No one seems concerned about Linda’s problems, not even her husband who calls her periodically. Linda shares a group of small therapy offices with another therapist-counselor, played by Conan O’Brien. Linda uses him as her own therapist, and even he seems overwhelmed by all her angst and problems. “I’m not sure I’m meant to be a mother,” she tells him.

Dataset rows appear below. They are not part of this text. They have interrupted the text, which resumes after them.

lemma rotate_map_funpow_self:
  assumes "1 \<le> n" "i < n"
  shows "(rotate_map n ^^ n) z i = qinv2 ^ n * z i + (1 - qinv2) * (\<Sum>j<n. z j) * qinv2 ^ (n - 1 - i)"
proof -
  have "(\<Sum>k<n. qinv2 ^ k * (if (i + k) mod n = n - 1 then 1 else 0)) = (\<Sum>k<n. if k = n - 1 - i then qinv2 ^ k else 0)"
  proof (rule sum.cong[OF refl])
    fix k assume "k \<in> {..<n}"
    hence e: "((i + k) mod n = n - 1) = (k = n - 1 - i)" using add_mod_eq_pred_iff assms by auto
    show "qinv2 ^ k * (if (i + k) mod n = n - 1 then 1 else 0) = (if k = n - 1 - i then qinv2 ^ k else 0)"
      unfolding e by simp
  qed
  also have "\<dots> = qinv2 ^ (n - 1 - i)" using assms by (simp add: sum.delta)
  finally show ?thesis using rotate_map_funpow[OF assms(1) assms(2), of n z] assms by simp
qed

lemma rescale_cycle_map_funpow: "rescale ((cycle_map n ^^ m) x) = (cycle_map_rescaled n ^^ m) (rescale x)"
  by (induction m) (simp_all add: rescale_cycle_map)

lemma cycle_map_rescaled_funpow:
  assumes "1 \<le> n"
  shows "i < n \<Longrightarrow> (cycle_map_rescaled n ^^ m) z i = (rotate_map n ^^ m) z i"
proof (induction m arbitrary: i)
  case 0 thus ?case by simp
next
  case (Suc m)
  have "(cycle_map_rescaled n ^^ Suc m) z i = rotate_map n ((cycle_map_rescaled n ^^ m) z) i" using cycle_map_rescaled_eq_rotate_map[OF assms Suc.prems] by simp
  also have "\<dots> = rotate_map n ((rotate_map n ^^ m) z) i" by (rule rotate_map_cong) (use Suc.IH assms in auto)
  finally show ?case by simp
qed

lemma cycle_map_funpow_eq_tau_normal_map:
  assumes n: "1 \<le> n" and j: "j < n"
  shows "(cycle_map n ^^ n) x j = tau_normal_map n x j"
proof -
  define S where "S = (\<Sum>i<n. qq ^ i * x i)"
  have A: "qq ^ j * (cycle_map n ^^ n) x j = qinv2 ^ n * (qq ^ j * x j) + (1 - qinv2) * S * qinv2 ^ (n - 1 - j)"
  proof -
    have "qq ^ j * (cycle_map n ^^ n) x j = rescale ((cycle_map n ^^ n) x) j" by (simp add: rescale_def)
    also have "\<dots> = (cycle_map_rescaled n ^^ n) (rescale x) j" by (simp add: rescale_cycle_map_funpow)
    also have "\<dots> = (rotate_map n ^^ n) (rescale x) j" by (rule cycle_map_rescaled_funpow[OF n j])
    also have "\<dots> = qinv2 ^ n * rescale x j + (1 - qinv2) * (\<Sum>i<n. rescale x i) * qinv2 ^ (n - 1 - j)"
      by (rule rotate_map_funpow_self[OF n j])
    finally show ?thesis by (simp add: rescale_def S_def)
  qed
  have pm: "qq powi (- int k) = inverse qq ^ k" for k by (simp add: power_int_minus power_inverse)
  have se: "(\<Sum>i<n. E_coeff n i * x i) = inverse qq ^ (n - 1) * S"
    unfolding S_def sum_distrib_left E_coeff_eq[OF n] by (simp add: mult_ac)
  have g2: "qq powi (- (2 * int n)) = inverse qq ^ (2 * n)" using pm[of "2 * n"] by simp
  obtain r where r: "n = Suc (j + r)" using j by (metis add_Suc_right less_iff_Suc_add)
  have B: "qq ^ j * tau_normal_map n x j = qinv2 ^ n * (qq ^ j * x j) + (1 - qinv2) * S * qinv2 ^ (n - 1 - j)"
  proof -
    have "qq ^ j * tau_normal_map n x j = qq ^ j * (inverse qq ^ (2 * n) * (x j + (inverse qq ^ (n - 1) * S) * (qq ^ n * (qq - inverse qq) * qq ^ j)))"
      by (simp only: tau_normal_map_def se g2 tau_mu_def F_coeff_def)
    also have "\<dots> = qinv2 ^ n * (qq ^ j * x j) + (1 - qinv2) * S * qinv2 ^ (n - 1 - j)"
      unfolding qinv2_def r
      by (simp add: field_simps qq_neq_0 power_add power_mult_distrib power2_eq_square mult_2_right)
    finally show ?thesis .
  qed
  have nz: "qq ^ j \<noteq> 0" by (simp add: qq_neq_0)
  have "qq ^ j * (cycle_map n ^^ n) x j = qq ^ j * tau_normal_map n x j" using A B by simp
  thus ?thesis using nz qq_neq_0 by simp
qed

lemma Phi_tau_eq_tau_normal:
  assumes "1 \<le> n" "v \<in> Vn n"
  shows "Phi_tau n v = tau_normal n v"
proof -
  have vac: "Phi_tau n (vacuum n) = tau_normal n (vacuum n)"
    using Phi_tau_vacuum[of n] tau_normal_vacuum[of n] by simp
  show ?thesis
    using intertwiners_eq[OF lin_op_Phi_tau lin_op_tau_normal intertwines_Phi_tau intertwines_tau_normal
          cycle_map_funpow_eq_tau_normal_map[OF assms(1)] vac assms(2)] .
qed

section \<open>The generators of \<open>U\<close> as fermionic operators\<close>

lemma prod_one_factor_changed:
  assumes len: "length u = j + 1 + m" "length w = j + 1 + m"
    and f_other: "\<And>k. k < j + 1 + m \<Longrightarrow> k \<noteq> j \<Longrightarrow> f k = (if u!k = w!k then (if k < j then a else c) else 0)"
    and f_j: "f j = (if u!j = y0 \<and> w!j = x0 then 1 else 0)"
  shows "(\<Prod>k<j + 1 + m. f k) = (if w = u[j:=x0] \<and> u!j = y0 then a ^ j * c ^ m else (0::K))"
proof -
  let ?N = "j + 1 + m"
  have "(\<Prod>k<?N. f k) = f j * (\<Prod>k\<in>{..<?N} - {j}. f k)" by (rule prod.remove) auto
  also have "{..<?N} - {j} = {..<j} \<union> {Suc j..<?N}" by auto
  finally have split: "(\<Prod>k<?N. f k) = f j * (\<Prod>k\<in>{..<j} \<union> {Suc j..<?N}. f k)" .
  show ?thesis
  proof (cases "w = u[j:=x0] \<and> u!j = y0")
    case True
    have "(\<Prod>k\<in>{..<j} \<union> {Suc j..<?N}. f k) = (\<Prod>k\<in>{..<j} \<union> {Suc j..<?N}. if k < j then a else c)"
      using len True by (intro prod.cong refl) (auto simp: f_other nth_list_update)
    also have "\<dots> = a ^ j * c ^ m" by (subst prod.union_disjoint) auto
    finally show ?thesis using split True len f_j by simp
  next
    case False
    have "\<exists>k<?N. f k = 0"
    proof (cases "u!j = y0 \<and> w!j = x0")
      case True
      with False have "w \<noteq> u[j:=x0]" by blast
      then obtain k where k: "k < ?N" "w!k \<noteq> u[j:=x0]!k" using len by (auto simp: list_eq_iff_nth_eq)
      with True len have "k \<noteq> j" "u!k \<noteq> w!k" by (auto simp: nth_list_update split: if_splits)
      hence "f k = 0" using f_other[OF k(1)] by simp
      thus ?thesis using k(1) by blast
    next
      case False
      thus ?thesis using f_j by (intro exI[of _ j]) auto
    qed
    then obtain k where k: "k < ?N" "f k = 0" by blast
    have "(\<Prod>k<?N. f k) = 0" by (rule prod_zero[OF finite_lessThan]) (use k in blast)
    thus ?thesis unfolding if_not_P[OF False] .
  qed
qed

Adding to Linda’s problems is that one of her own patients, a young mother, disappears while telling Linda she has to go to the bathroom. Linda must hand the woman’s baby over to the police, because the father is away at work. Instead of helping look for his wife, the husband calls up Linda to berate her about is missing wife.
Meanwhile, Linda self-medicates herself at night by going outside to drink wine and smoke marijuana. The booze and pot make her hallucinate lights in the sky and in the black hole in her apartment. A young black man named James tries to help Linda, but she’s afraid of him and cooly ignores him, despite his efforts.
As the distraught mother, Rose Byrne delivers a complex, first-rate performance in IF I HAD LEGS I’D KICK YOU. Except for James, all the men in her life, including her husband and her therapist, don’t seem to help her much at all. Sadly, this sometimes gives the movie a humanist, feminist viewpoint that more’s oppressive than inspiring or enlightening. IF I HAD LEGS I’D KICK YOU also has lots of strong foul language. The movie’s rather depressing and hopeless until the very end, when the mother decides she’s had enough dealing with her daughter’s feeding tube, when the husband finally returns to take the burden of fixing the ceiling off his wife, and when the mother’s young daughter reaches out to her. The mother has become so overwhelmed by situations and circumstances that no simple solution can fix things. Instead, she, her husband, and her daughter all must become part of the solution. With her husband away and her child on a feeding tube, the family has become separated or alienated from one another. Thus, ending this separation and alienation becomes the first step on the road to recovery. Still, the ending in IF I HAD LEGS I’D KICK YOU would be more powerful if finding God were part of the solution.